So much confusion and misinformation still reigns for new mothers when it comes to breastfeeding. In spite of the advances in scientific research regarding breastfeeding; myths, advice from previous generations (old wives tales) and, sadly, from ‘health’ professionals still abounds to confuse and frustrate new mothers.
About 95% of mothers want to breastfeed their babies however, by the time their baby is 3 months of age many are mix feeding or have stopped breastfeeding ….so how can women be more informed, more prepared to give themselves the best chance at success?
In 2014 we have powerful scientific evidence to support the art of breastfeeding to help mothers enjoy a positive breastfeeding relationship with their baby.
Overwhelming evidence recommending skin to skin attachment of the baby to the mother within the first hour of birth probably comes closest to guaranteeing pain free attachment and positioning of the baby at the breast and promotes a longer breastfeeding relationship as a result.
Before delivery the focus is on a birth plan. A breastfeeding plan can also be implemented before birth, with follow through strategies for the early days of breastfeeding to appropriately support the new partnership between mother and baby. Evidenced based information and advice from an IBCLC (International Board Certified Lactation Consultant) is invaluable to a mother wanting to breastfeed, or in need of support if she has breastfeeding concerns or issues.
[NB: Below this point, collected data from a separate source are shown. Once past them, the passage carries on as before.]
lemma powr_abs_diff_ge_cconst:
  fixes p w y :: real
  assumes p: "p \<ge> 2" and w: "w > 0" and y: "y > 0"
  shows "w powr p - p * w powr (p - 1) * y + cconst p * y powr p \<le> \<bar>y - w\<bar> powr p"
proof -
  define \<tau> where "\<tau> = w / y"
  have "y powr p * cconst p \<le> y powr p * (\<bar>1 - \<tau>\<bar> powr p - \<tau> powr p + p * \<tau> powr (p - 1))"
    using cconst_le_cfun_extension[OF p, of \<tau>] w y by (intro mult_left_mono) (auto simp: \<tau>_def)
  moreover have "y powr p * \<bar>1 - \<tau>\<bar> powr p = \<bar>y - w\<bar> powr p"
    using y by (simp add: \<tau>_def powr_mult[symmetric] abs_mult[symmetric] field_simps)
  moreover have "y powr p * \<tau> powr p = w powr p"
    using y w by (simp add: \<tau>_def powr_mult[symmetric])
  moreover have "y powr p * \<tau> powr (p - 1) = w powr (p - 1) * y"
    using powr_minus_one_mult[of y p] y w
    by (simp add: \<tau>_def powr_divide field_simps)
  ultimately show ?thesis by (simp add: algebra_simps)
qed

section \<open>The inequality for \<open>p \<ge> 2\<close>\<close>

lemma powr_one_plus_ge_quadratic:
  fixes p z :: real
  assumes p: "p \<ge> 2" and z: "z \<ge> 0"
  shows "1 + p * z + p * (p - 1) / 2 * z\<^sup>2 \<le> (1 + z) powr p"
    and "p > 2 \<Longrightarrow> z > 0 \<Longrightarrow> 1 + p * z + p * (p - 1) / 2 * z\<^sup>2 < (1 + z) powr p"
proof -
  let ?k = "\<lambda>x::real. (1 + x) powr p - p * x - p * (p - 1) / 2 * x\<^sup>2"
  let ?k' = "\<lambda>x::real. p * (1 + x) powr (p - 1) - p - p * (p - 1) * x"
  have der: "DERIV ?k x :> ?k' x" if "x \<ge> 0" for x
    using that by (auto intro!: derivative_eq_intros simp: power2_eq_square field_simps)
  have "?k' x \<ge> 0" if "x \<ge> 0" for x
  proof -
    have "p * (1 + (p - 1) * x) \<le> p * (1 + x) powr (p - 1)"
      using Bernoulli_powr[of "p - 1" "1 + x"] p that by (intro mult_left_mono) auto
    then show ?thesis by (simp add: algebra_simps)
  qed
  then have "?k 0 \<le> ?k z"
    using der by (intro DERIV_nonneg_imp_nondecreasing[OF z]) blast
  then show "1 + p * z + p * (p - 1) / 2 * z\<^sup>2 \<le> (1 + z) powr p" by simp
  assume p2: "p > 2" and z0: "z > 0"
  have "?k 0 < ?k z"
  proof (rule DERIV_pos_imp_increasing_open[OF z0])
    fix x :: real assume x: "0 < x" "x < z"
    have "p * (1 + (p - 1) * x) < p * (1 + x) powr (p - 1)"
      using Bernoulli_powr_strict[of "p - 1" "1 + x"] p2 x by (intro mult_strict_left_mono) auto
    then show "\<exists>y. DERIV ?k x :> y \<and> y > 0"
      using der[of x] x by (intro exI[of _ "?k' x"]) (auto simp: algebra_simps)
  qed (intro continuous_intros; auto)
  then show "1 + p * z + p * (p - 1) / 2 * z\<^sup>2 < (1 + z) powr p" by simp
qed

lemma powr_one_minus_le_quadratic:
  fixes p z :: real
  assumes p: "p \<ge> 2" and z: "0 \<le> z" "z \<le> 1"
  shows "(1 - z) powr p \<le> 1 - p * z + p * (p - 1) / 2 * z\<^sup>2"
proof -
  let ?k = "\<lambda>x::real. - p * x + p * (p - 1) / 2 * x\<^sup>2 - (1 - x) powr p"
  have "?k 0 \<le> ?k z"
  proof (rule DERIV_nonneg_imp_increasing_open[OF z(1)])
    fix x :: real assume x: "0 < x" "x < z"
    have "DERIV ?k x :> - p + p * (p - 1) * x + p * (1 - x) powr (p - 1)"
      using x z by (auto intro!: derivative_eq_intros simp: power2_eq_square field_simps)
    moreover have "p * (1 - (p - 1) * x) \<le> p * (1 - x) powr (p - 1)"
      using Bernoulli_powr[of "p - 1" "1 - x"] p x z by (intro mult_left_mono) auto
    ultimately show "\<exists>y. DERIV ?k x :> y \<and> y \<ge> 0" by (auto simp: algebra_simps)
  qed (use p z in \<open>intro continuous_intros continuous_on_powr'; auto\<close>)
  then show ?thesis by simp
qed
(* Let $\sigma_a,\sigma_b$ be reasonable strategies of player $0$ in the escape arena $\mathcal{A}_\bot$ with $\sigma_a\subseteq\sigma_b$. Then $\mathcal{V}_{\sigma_a}\preceq\mathcal{V}_{\sigma_b}$, i.e. $\mathcal{V}_{\sigma_a}(s)\preceq\mathcal{V}_{\sigma_b}(s)$ for all vertices $s$.
   Context: Parity game arena: $\mathcal{A}=(V,E,o,c)$ with $V$ finite, $E\subseteq V\times V$, every vertex has a successor, owner map $o:V\to\{0,1\}$, colouring $c:V\to\{0,\dots,d-1\}$; $V_i=o^{-1}(i)$. An infinite vertex sequence is won by player $0$ iff the largest colour occurring infinitely often is even. A cycle is $i$-dominated if its largest colour has parity $i$. Escape arena $\mathcal{A}_\bot$: vertices $V\cup\{\bot\}$, edges $E\cup(V_0\times\{\bot\})$, $\bot$ owned by player $0$ with no outgoing edges. $E_0$ = edges of $\mathcal{A}_\bot$ leaving $V_0$, $E_1=E\cap(V_1\times V)$. A strategy of player $i$ is a set $\sigma\subseteq E_i$ with $s\sigma\neq\emptyset$ for all $s\in V_i$. $\mathcal{A}_\bot|_{\sigma,\tau}$ has edges $\sigma\cup\tau$, $\mathcal{A}_\bot|_\sigma$ has edges $\sigma\cup E_1$; plays are maximal paths. Colour profiles $\mathcal{P}=\mathbb{Z}^d\cup\{-\infty,\infty\}$, $\text{\o}$ zero vector; $\wp(s)$ unit vector at coordinate $c(s)$; for a finite path the sum over vertices in $V$; infinite play: $\infty$ if won by player $0$, else $-\infty$. Order $\prec$: $-\infty$ least, $\infty$ greatest; for distinct $p,p'\in\mathbb{Z}^d$ with $k$ the largest differing index, $p\prec p'$ iff ($k$ even, $p_k<p'_k$) or ($k$ odd, $p_k>p'_k$). Valuation: $\mathcal{V}_\sigma(\bot)=\text{\o}$, $\mathcal{V}_\sigma(s)=\min^\prec_\tau\max^\prec\{\wp(\pi)\mid\pi$ a play in $\mathcal{A}_\bot|_{\sigma,\tau}$ from $s\}$, min over player-$1$ strategies $\tau$. $\sigma$ is reasonable if $\mathcal{A}_\bot|_\sigma$ has no $1$-dominated cycle. *)

theory Defs
  imports Main "HOL-Library.Poly_Mapping"
begin

text \<open>Parity game arena (V, E, owner, c) with colours in {0..<d}.
  The escape arena uses vertex type 'v option; None plays the role of the escape vertex bot.\<close>

definition arena :: "'v set \<Rightarrow> ('v \<times> 'v) set \<Rightarrow> ('v \<Rightarrow> nat) \<Rightarrow> ('v \<Rightarrow> nat) \<Rightarrow> nat \<Rightarrow> bool" where
  "arena V E owner c d \<longleftrightarrow> finite V \<and> E \<subseteq> V \<times> V \<and> (\<forall>v\<in>V. \<exists>w. (v, w) \<in> E)
     \<and> (\<forall>v\<in>V. owner v \<in> {0, 1}) \<and> (\<forall>v\<in>V. c v < d)"

definition escE :: "'v set \<Rightarrow> ('v \<times> 'v) set \<Rightarrow> ('v \<Rightarrow> nat) \<Rightarrow> ('v option \<times> 'v option) set" where
  "escE V E owner = {(Some u, Some v) | u v. (u, v) \<in> E} \<union> {(Some u, None) | u. u \<in> V \<and> owner u = 0}"

definition E0 :: "'v set \<Rightarrow> ('v \<times> 'v) set \<Rightarrow> ('v \<Rightarrow> nat) \<Rightarrow> ('v option \<times> 'v option) set" where
  "E0 V E owner = {(x, y) \<in> escE V E owner. \<exists>u. x = Some u \<and> u \<in> V \<and> owner u = 0}"

definition E1 :: "'v set \<Rightarrow> ('v \<times> 'v) set \<Rightarrow> ('v \<Rightarrow> nat) \<Rightarrow> ('v option \<times> 'v option) set" where
  "E1 V E owner = {(Some u, Some v) | u v. (u, v) \<in> E \<and> u \<in> V \<and> owner u = 1}"

definition strategy0 :: "'v set \<Rightarrow> ('v \<times> 'v) set \<Rightarrow> ('v \<Rightarrow> nat) \<Rightarrow> ('v option \<times> 'v option) set \<Rightarrow> bool" where
  "strategy0 V E owner \<sigma> \<longleftrightarrow> \<sigma> \<subseteq> E0 V E owner \<and> (\<forall>s\<in>V. owner s = 0 \<longrightarrow> (\<exists>t. (Some s, t) \<in> \<sigma>))"

definition strategy1 :: "'v set \<Rightarrow> ('v \<times> 'v) set \<Rightarrow> ('v \<Rightarrow> nat) \<Rightarrow> ('v option \<times> 'v option) set \<Rightarrow> bool" where
  "strategy1 V E owner \<tau> \<longleftrightarrow> \<tau> \<subseteq> E1 V E owner \<and> (\<forall>s\<in>V. owner s = 1 \<longrightarrow> (\<exists>t. (Some s, t) \<in> \<tau>))"

definition fin_plays :: "('a \<times> 'a) set \<Rightarrow> 'a \<Rightarrow> 'a list set" where
  "fin_plays F s = {xs. xs \<noteq> [] \<and> hd xs = s \<and> (\<forall>i. Suc i < length xs \<longrightarrow> (xs ! i, xs ! Suc i) \<in> F)
                        \<and> (\<forall>y. (last xs, y) \<notin> F)}"

definition inf_plays :: "('a \<times> 'a) set \<Rightarrow> 'a \<Rightarrow> (nat \<Rightarrow> 'a) set" where
  "inf_plays F s = {f. f 0 = s \<and> (\<forall>i. (f i, f (Suc i)) \<in> F)}"

text \<open>Colour profiles: Z^d (as finitely supported nat-indexed integer vectors) plus -inf, +inf.\<close>
datatype prof = NegInf | Fin "nat \<Rightarrow>\<^sub>0 int" | PosInf

fun prof_less :: "prof \<Rightarrow> prof \<Rightarrow> bool" where
  "prof_less NegInf q = (q \<noteq> NegInf)"
| "prof_less PosInf q = False"
| "prof_less (Fin p) NegInf = False"
| "prof_less (Fin p) PosInf = True"
| "prof_less (Fin p) (Fin q) = (p \<noteq> q \<and>
     (let k = Max {k. Poly_Mapping.lookup p k \<noteq> Poly_Mapping.lookup q k} in
        (even k \<and> Poly_Mapping.lookup p k < Poly_Mapping.lookup q k) \<or> (odd k \<and> Poly_Mapping.lookup p k > Poly_Mapping.lookup q k)))"

definition prof_le :: "prof \<Rightarrow> prof \<Rightarrow> bool" where
  "prof_le p q \<longleftrightarrow> p = q \<or> prof_less p q"

definition max_prof :: "prof set \<Rightarrow> prof" where
  "max_prof A = (THE p. p \<in> A \<and> (\<forall>q\<in>A. prof_le q p))"

definition min_prof :: "prof set \<Rightarrow> prof" where
  "min_prof A = (THE p. p \<in> A \<and> (\<forall>q\<in>A. prof_le p q))"

definition path_prof :: "('v \<Rightarrow> nat) \<Rightarrow> 'v option list \<Rightarrow> prof" where
  "path_prof c xs = Fin (sum_list (map (\<lambda>x. Poly_Mapping.single (c (the x)) 1) (filter (\<lambda>x. x \<noteq> None) xs)))"

definition inf_won :: "('v \<Rightarrow> nat) \<Rightarrow> (nat \<Rightarrow> 'v option) \<Rightarrow> bool" where
  "inf_won c f \<longleftrightarrow> even (Max {k. \<exists>\<^sub>\<infinity> i. c (the (f i)) = k})"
Mothers need to learn what to expect regarding their baby’s physiological, neurological and emotional needs to support their adjustment to the early weeks of breastfeeding and parenting. The breastfeeding relationship needs time to develop between a mother and baby. Evidenced based antenatal education provides women with the information and tools to counter the misleading myths and old wives tales that will interfere with this relationship.
Early days in hospital can be confusing for many new mothers as they relate the common theme of conflicting advice from different staff in hospital. Attending in hospital classes taken by an IBCLC can help guide them in the right direction. Any breastfeeding issue or concern not resolving with the help of the midwives should be directed to the wards IBCLC to implement prompt and appropriate interventions. Review of the interventions is usually provided at drop in breastfeeding clinics at the hospital after discharge.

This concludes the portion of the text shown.